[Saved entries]
------------------------------------

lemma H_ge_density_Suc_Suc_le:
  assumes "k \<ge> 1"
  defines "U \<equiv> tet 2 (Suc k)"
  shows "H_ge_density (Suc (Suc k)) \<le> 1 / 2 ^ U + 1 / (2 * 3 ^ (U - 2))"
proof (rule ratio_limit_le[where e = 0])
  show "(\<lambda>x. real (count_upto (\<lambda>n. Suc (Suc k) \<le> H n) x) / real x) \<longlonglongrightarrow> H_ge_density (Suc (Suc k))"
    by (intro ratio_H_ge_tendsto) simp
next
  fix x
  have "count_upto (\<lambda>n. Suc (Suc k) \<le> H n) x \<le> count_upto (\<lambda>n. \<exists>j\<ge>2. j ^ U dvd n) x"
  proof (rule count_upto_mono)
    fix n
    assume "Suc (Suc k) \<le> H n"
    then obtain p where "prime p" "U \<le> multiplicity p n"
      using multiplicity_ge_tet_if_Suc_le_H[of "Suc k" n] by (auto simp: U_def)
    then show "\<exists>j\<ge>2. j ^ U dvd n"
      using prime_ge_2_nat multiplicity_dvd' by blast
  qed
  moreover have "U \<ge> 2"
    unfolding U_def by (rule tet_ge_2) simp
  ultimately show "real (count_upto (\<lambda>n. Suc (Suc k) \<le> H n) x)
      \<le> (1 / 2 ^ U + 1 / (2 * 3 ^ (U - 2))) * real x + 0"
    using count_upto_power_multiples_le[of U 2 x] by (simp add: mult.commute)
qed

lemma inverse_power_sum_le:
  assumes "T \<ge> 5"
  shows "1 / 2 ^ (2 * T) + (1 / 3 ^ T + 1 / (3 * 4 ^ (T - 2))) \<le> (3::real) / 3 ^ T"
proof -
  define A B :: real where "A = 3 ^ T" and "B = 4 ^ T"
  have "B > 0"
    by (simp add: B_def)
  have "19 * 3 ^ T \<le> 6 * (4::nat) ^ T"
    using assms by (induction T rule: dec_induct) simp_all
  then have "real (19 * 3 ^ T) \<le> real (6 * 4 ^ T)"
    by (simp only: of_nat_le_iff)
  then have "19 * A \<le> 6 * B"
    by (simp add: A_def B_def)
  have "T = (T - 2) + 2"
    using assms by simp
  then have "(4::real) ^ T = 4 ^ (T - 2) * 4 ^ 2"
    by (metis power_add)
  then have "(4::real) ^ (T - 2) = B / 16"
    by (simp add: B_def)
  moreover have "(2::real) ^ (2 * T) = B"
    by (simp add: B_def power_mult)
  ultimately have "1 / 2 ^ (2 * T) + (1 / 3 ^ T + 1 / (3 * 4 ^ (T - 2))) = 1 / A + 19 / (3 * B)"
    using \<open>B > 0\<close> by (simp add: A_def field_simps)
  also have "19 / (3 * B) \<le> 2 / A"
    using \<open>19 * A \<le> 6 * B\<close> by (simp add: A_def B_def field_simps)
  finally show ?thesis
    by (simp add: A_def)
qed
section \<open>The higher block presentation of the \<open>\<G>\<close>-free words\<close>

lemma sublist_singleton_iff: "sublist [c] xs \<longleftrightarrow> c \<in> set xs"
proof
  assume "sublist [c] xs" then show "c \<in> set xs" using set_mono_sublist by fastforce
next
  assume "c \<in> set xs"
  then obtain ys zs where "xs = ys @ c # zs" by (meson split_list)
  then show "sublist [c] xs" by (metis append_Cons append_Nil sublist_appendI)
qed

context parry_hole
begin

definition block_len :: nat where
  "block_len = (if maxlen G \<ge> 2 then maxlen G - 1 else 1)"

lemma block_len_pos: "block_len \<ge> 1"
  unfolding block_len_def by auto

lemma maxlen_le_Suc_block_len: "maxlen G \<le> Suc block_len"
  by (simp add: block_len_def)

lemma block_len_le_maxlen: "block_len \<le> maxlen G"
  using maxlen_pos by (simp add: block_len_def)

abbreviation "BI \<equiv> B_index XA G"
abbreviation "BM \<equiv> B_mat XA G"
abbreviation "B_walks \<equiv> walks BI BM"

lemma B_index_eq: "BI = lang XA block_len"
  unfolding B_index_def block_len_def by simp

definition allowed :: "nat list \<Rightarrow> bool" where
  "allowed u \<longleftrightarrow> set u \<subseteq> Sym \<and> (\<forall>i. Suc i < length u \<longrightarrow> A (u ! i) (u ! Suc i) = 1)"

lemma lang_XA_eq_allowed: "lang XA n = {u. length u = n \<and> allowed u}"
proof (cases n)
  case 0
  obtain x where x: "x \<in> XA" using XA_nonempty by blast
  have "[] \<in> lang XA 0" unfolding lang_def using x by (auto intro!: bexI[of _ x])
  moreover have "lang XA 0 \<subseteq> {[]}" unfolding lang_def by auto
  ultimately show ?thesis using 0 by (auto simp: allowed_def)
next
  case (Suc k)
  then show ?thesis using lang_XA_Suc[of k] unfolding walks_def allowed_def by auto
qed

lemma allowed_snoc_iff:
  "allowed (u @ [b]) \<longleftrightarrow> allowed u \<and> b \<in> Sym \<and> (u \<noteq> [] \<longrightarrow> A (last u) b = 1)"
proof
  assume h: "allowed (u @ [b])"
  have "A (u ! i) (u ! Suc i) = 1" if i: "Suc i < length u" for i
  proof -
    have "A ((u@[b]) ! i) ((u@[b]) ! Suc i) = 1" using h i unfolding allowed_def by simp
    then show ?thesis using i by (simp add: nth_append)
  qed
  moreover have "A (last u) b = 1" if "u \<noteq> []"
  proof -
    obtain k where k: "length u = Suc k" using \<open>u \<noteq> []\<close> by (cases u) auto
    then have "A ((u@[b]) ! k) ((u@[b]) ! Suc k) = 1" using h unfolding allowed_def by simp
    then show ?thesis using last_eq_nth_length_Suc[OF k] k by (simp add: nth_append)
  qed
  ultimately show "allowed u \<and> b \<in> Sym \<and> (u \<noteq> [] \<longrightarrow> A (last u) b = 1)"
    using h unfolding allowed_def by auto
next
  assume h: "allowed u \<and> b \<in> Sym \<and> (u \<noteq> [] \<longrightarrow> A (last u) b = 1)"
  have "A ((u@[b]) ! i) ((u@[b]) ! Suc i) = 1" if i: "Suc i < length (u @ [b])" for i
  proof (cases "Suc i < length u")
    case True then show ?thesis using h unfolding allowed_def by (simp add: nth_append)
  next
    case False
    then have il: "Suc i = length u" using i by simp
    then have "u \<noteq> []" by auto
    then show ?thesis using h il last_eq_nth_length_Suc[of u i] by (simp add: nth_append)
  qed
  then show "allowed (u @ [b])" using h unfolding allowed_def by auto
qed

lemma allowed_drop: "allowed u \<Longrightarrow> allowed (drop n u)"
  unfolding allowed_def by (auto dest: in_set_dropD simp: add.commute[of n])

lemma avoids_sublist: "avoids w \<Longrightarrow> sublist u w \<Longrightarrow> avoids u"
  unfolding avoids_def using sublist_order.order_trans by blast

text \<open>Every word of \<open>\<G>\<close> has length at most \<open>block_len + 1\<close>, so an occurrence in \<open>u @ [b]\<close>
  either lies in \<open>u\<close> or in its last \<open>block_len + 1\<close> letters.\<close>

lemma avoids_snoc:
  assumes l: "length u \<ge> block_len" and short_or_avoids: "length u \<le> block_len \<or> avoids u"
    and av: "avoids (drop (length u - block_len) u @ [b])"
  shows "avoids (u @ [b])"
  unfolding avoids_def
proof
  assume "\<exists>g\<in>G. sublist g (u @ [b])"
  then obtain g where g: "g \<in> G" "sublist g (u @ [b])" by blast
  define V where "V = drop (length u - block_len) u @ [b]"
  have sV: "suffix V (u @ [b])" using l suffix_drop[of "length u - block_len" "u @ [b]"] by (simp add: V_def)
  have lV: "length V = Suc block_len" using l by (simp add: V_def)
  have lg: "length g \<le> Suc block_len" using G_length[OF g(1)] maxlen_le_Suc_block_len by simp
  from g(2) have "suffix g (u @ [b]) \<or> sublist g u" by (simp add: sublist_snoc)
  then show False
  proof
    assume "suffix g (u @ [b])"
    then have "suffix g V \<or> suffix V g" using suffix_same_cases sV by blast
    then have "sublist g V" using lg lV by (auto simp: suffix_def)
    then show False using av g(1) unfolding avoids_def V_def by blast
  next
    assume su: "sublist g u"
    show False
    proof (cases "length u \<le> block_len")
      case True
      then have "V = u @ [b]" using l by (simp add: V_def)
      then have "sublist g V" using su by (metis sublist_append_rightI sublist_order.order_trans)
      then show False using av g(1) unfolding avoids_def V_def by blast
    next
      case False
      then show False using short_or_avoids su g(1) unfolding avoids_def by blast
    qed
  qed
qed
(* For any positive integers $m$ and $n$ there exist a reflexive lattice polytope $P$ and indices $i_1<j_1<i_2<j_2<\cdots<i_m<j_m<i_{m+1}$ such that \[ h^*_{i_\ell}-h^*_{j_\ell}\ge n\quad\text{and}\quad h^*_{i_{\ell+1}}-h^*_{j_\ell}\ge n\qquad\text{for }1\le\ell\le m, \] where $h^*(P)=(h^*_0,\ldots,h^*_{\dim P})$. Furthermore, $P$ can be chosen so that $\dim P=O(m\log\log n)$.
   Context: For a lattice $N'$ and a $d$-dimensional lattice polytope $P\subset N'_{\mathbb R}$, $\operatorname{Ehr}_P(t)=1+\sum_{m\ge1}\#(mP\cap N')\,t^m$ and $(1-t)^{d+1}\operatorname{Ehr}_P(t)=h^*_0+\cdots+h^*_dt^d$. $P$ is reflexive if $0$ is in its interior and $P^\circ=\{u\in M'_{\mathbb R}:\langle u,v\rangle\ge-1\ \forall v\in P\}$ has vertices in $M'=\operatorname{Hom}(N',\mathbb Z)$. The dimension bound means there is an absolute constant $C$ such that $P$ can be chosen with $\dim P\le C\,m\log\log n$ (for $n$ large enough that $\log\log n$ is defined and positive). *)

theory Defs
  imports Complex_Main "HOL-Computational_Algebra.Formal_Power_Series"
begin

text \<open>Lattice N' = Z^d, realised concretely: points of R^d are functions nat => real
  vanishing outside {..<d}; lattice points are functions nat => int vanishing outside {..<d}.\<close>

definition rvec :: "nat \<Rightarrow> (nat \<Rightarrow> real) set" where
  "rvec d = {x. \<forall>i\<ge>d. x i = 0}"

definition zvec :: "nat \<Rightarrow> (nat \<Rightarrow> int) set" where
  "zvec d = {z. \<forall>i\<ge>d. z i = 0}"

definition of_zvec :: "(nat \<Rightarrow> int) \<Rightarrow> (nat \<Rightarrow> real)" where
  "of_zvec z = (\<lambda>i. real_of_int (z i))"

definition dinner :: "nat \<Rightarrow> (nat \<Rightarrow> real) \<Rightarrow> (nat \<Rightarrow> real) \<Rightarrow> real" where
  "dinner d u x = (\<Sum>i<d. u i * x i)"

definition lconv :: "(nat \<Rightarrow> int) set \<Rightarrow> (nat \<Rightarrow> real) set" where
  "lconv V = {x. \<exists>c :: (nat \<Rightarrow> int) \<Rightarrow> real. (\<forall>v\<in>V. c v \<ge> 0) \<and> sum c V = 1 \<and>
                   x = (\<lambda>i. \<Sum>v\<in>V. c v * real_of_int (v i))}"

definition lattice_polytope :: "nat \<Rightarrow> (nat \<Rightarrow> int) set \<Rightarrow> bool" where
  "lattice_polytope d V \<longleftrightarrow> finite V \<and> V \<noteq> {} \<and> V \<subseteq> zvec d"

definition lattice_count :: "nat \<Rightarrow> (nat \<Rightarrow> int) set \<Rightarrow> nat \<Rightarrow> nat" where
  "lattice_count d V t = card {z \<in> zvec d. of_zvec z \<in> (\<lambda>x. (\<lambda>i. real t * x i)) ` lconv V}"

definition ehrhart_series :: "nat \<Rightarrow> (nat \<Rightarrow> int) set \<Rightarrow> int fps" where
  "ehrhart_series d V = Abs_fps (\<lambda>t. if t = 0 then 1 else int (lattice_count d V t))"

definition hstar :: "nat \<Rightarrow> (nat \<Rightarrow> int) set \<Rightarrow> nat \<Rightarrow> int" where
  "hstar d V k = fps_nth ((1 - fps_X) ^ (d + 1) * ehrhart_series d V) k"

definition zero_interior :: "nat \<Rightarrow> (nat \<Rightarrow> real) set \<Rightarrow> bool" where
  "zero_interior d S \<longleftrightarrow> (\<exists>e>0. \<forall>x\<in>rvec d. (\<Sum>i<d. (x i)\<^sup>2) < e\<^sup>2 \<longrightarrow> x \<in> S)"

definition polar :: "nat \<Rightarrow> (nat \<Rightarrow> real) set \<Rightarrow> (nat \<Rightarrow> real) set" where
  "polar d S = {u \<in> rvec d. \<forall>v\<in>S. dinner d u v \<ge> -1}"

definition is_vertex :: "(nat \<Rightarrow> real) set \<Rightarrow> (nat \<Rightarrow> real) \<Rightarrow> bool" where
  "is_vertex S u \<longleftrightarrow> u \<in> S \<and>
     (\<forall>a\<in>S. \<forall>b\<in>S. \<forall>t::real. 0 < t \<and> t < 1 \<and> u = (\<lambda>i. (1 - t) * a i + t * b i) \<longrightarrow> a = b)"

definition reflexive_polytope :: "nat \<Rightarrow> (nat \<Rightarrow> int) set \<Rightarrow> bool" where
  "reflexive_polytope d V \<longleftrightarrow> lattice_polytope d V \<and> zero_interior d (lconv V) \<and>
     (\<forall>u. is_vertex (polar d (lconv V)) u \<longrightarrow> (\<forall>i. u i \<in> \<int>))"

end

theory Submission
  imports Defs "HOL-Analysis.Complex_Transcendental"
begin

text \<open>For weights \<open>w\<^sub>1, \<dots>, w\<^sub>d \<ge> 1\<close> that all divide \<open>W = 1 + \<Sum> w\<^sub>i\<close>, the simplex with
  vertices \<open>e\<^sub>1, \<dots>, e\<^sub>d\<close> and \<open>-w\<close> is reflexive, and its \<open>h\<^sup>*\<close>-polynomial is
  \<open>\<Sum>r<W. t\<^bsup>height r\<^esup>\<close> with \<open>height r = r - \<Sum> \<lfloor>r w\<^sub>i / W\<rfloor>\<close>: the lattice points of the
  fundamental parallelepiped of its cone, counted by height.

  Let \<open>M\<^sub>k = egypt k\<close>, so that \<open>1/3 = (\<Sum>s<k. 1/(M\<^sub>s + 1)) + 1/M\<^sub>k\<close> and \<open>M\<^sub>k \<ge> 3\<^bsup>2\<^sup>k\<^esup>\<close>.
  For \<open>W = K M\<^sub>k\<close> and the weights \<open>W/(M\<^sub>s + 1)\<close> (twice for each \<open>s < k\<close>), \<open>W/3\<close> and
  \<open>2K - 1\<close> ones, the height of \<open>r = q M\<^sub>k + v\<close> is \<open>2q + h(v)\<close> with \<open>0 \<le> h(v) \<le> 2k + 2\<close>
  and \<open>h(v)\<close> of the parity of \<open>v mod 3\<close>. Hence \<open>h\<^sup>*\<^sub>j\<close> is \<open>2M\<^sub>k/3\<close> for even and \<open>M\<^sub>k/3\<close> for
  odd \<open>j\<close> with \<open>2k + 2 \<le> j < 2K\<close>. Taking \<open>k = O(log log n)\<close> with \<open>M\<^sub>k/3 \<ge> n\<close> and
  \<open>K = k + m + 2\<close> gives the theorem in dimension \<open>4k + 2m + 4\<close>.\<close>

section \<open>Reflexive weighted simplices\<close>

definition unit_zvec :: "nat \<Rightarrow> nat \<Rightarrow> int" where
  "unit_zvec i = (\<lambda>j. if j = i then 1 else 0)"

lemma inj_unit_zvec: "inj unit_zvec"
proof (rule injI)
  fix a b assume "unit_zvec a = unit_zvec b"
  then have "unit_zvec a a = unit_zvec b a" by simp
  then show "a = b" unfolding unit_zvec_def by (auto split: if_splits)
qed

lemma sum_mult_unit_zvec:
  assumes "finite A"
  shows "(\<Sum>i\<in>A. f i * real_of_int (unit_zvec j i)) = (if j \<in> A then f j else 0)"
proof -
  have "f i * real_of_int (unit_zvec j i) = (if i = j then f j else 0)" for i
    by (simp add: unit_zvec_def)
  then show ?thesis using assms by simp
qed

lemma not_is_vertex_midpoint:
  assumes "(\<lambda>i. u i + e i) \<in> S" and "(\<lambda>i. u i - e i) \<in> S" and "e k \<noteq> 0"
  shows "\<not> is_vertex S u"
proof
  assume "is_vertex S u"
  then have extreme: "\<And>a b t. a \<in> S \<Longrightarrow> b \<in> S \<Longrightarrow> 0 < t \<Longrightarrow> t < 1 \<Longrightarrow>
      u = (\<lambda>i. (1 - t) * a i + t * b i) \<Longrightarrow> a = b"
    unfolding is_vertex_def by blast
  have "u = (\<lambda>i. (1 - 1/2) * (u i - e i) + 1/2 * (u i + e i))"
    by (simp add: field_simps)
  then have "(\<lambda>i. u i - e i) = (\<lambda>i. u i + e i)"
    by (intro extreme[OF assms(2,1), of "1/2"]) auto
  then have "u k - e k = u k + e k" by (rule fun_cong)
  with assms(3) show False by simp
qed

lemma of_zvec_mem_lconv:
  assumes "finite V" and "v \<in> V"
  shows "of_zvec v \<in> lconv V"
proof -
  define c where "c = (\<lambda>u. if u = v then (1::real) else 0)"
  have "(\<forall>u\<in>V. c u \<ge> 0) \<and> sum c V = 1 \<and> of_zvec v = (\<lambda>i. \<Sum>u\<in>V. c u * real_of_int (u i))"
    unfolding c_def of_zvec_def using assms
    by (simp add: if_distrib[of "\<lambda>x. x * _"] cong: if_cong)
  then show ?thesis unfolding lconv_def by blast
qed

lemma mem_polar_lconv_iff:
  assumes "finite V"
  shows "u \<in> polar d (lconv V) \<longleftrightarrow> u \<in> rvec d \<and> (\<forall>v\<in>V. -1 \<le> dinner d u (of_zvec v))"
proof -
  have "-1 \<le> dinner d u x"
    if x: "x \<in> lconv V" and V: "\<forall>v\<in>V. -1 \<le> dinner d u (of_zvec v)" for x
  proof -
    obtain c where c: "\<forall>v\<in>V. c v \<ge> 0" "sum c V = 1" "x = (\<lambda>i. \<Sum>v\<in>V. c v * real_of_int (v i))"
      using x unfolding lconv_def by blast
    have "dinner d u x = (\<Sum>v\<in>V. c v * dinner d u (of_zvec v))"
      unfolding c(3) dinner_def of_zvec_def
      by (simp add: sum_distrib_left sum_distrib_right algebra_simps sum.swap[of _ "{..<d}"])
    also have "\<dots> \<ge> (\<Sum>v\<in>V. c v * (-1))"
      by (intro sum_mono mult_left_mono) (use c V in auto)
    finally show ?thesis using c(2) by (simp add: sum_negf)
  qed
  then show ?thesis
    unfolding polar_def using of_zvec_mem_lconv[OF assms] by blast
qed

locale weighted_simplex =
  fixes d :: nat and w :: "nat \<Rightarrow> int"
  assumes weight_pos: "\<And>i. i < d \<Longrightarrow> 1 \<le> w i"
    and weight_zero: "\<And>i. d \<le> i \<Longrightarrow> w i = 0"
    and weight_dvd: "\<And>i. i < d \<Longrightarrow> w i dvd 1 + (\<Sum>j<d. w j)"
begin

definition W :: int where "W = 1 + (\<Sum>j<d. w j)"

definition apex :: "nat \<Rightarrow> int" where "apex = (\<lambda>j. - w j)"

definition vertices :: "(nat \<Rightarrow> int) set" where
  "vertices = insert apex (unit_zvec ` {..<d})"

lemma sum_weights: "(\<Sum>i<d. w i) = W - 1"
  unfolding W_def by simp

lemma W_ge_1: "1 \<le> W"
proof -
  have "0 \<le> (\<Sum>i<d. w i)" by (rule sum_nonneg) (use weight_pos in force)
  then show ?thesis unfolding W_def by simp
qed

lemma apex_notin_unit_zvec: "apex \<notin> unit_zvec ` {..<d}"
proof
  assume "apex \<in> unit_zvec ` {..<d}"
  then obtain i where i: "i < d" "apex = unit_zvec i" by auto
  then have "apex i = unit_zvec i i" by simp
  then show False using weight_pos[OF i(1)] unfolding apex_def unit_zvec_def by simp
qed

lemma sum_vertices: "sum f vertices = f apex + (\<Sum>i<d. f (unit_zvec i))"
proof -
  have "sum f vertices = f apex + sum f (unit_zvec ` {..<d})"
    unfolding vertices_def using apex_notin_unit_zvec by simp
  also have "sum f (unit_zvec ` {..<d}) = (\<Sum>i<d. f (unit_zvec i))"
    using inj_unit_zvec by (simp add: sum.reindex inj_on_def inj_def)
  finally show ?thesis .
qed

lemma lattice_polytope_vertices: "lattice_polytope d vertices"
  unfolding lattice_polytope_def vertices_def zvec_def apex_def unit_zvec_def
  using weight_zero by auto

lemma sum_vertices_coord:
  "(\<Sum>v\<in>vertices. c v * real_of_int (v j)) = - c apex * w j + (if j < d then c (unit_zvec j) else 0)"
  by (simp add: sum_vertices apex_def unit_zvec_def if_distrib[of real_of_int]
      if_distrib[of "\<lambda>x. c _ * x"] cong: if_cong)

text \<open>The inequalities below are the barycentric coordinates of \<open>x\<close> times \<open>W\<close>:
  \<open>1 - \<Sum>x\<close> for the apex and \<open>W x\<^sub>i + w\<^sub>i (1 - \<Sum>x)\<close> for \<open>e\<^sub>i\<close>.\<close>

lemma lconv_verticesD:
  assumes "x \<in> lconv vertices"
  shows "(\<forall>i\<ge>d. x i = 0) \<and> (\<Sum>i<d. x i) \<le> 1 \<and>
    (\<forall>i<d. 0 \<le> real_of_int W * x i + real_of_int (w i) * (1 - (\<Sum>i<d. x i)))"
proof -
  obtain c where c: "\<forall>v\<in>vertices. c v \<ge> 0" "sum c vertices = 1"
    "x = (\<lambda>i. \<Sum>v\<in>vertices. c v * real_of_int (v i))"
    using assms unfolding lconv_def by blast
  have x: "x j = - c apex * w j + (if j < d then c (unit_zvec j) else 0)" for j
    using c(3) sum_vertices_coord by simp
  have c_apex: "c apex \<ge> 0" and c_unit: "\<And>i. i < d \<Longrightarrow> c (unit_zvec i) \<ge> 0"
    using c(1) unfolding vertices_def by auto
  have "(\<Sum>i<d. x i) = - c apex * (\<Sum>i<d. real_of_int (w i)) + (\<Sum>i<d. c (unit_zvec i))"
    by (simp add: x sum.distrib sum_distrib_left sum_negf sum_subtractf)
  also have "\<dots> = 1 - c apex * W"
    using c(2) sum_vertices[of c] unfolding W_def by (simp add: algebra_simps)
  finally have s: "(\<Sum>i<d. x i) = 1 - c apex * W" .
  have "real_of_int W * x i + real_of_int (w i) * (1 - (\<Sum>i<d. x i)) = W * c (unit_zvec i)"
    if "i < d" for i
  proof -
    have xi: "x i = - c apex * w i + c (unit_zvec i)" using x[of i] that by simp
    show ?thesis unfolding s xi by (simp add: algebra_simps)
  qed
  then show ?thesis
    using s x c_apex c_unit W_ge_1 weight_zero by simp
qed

------------------------------------

* Prompt *
What you return should be the lines from the start of the data through the line with "using \<open>19 *", quoted exactly and nothing more.

* Answer area *
lemma H_ge_density_Suc_Suc_le:
  assumes "k \<ge> 1"
  defines "U \<equiv> tet 2 (Suc k)"
  shows "H_ge_density (Suc (Suc k)) \<le> 1 / 2 ^ U + 1 / (2 * 3 ^ (U - 2))"
proof (rule ratio_limit_le[where e = 0])
  show "(\<lambda>x. real (count_upto (\<lambda>n. Suc (Suc k) \<le> H n) x) / real x) \<longlonglongrightarrow> H_ge_density (Suc (Suc k))"
    by (intro ratio_H_ge_tendsto) simp
next
  fix x
  have "count_upto (\<lambda>n. Suc (Suc k) \<le> H n) x \<le> count_upto (\<lambda>n. \<exists>j\<ge>2. j ^ U dvd n) x"
  proof (rule count_upto_mono)
    fix n
    assume "Suc (Suc k) \<le> H n"
    then obtain p where "prime p" "U \<le> multiplicity p n"
      using multiplicity_ge_tet_if_Suc_le_H[of "Suc k" n] by (auto simp: U_def)
    then show "\<exists>j\<ge>2. j ^ U dvd n"
      using prime_ge_2_nat multiplicity_dvd' by blast
  qed
  moreover have "U \<ge> 2"
    unfolding U_def by (rule tet_ge_2) simp
  ultimately show "real (count_upto (\<lambda>n. Suc (Suc k) \<le> H n) x)
      \<le> (1 / 2 ^ U + 1 / (2 * 3 ^ (U - 2))) * real x + 0"
    using count_upto_power_multiples_le[of U 2 x] by (simp add: mult.commute)
qed

lemma inverse_power_sum_le:
  assumes "T \<ge> 5"
  shows "1 / 2 ^ (2 * T) + (1 / 3 ^ T + 1 / (3 * 4 ^ (T - 2))) \<le> (3::real) / 3 ^ T"
proof -
  define A B :: real where "A = 3 ^ T" and "B = 4 ^ T"
  have "B > 0"
    by (simp add: B_def)
  have "19 * 3 ^ T \<le> 6 * (4::nat) ^ T"
    using assms by (induction T rule: dec_induct) simp_all
  then have "real (19 * 3 ^ T) \<le> real (6 * 4 ^ T)"
    by (simp only: of_nat_le_iff)
  then have "19 * A \<le> 6 * B"
    by (simp add: A_def B_def)
  have "T = (T - 2) + 2"
    using assms by simp
  then have "(4::real) ^ T = 4 ^ (T - 2) * 4 ^ 2"
    by (metis power_add)
  then have "(4::real) ^ (T - 2) = B / 16"
    by (simp add: B_def)
  moreover have "(2::real) ^ (2 * T) = B"
    by (simp add: B_def power_mult)
  ultimately have "1 / 2 ^ (2 * T) + (1 / 3 ^ T + 1 / (3 * 4 ^ (T - 2))) = 1 / A + 19 / (3 * B)"
    using \<open>B > 0\<close> by (simp add: A_def field_simps)
  also have "19 / (3 * B) \<le> 2 / A"
    using \<open>19 * A \<le> 6 * B\<close> by (simp add: A_def B_def field_simps)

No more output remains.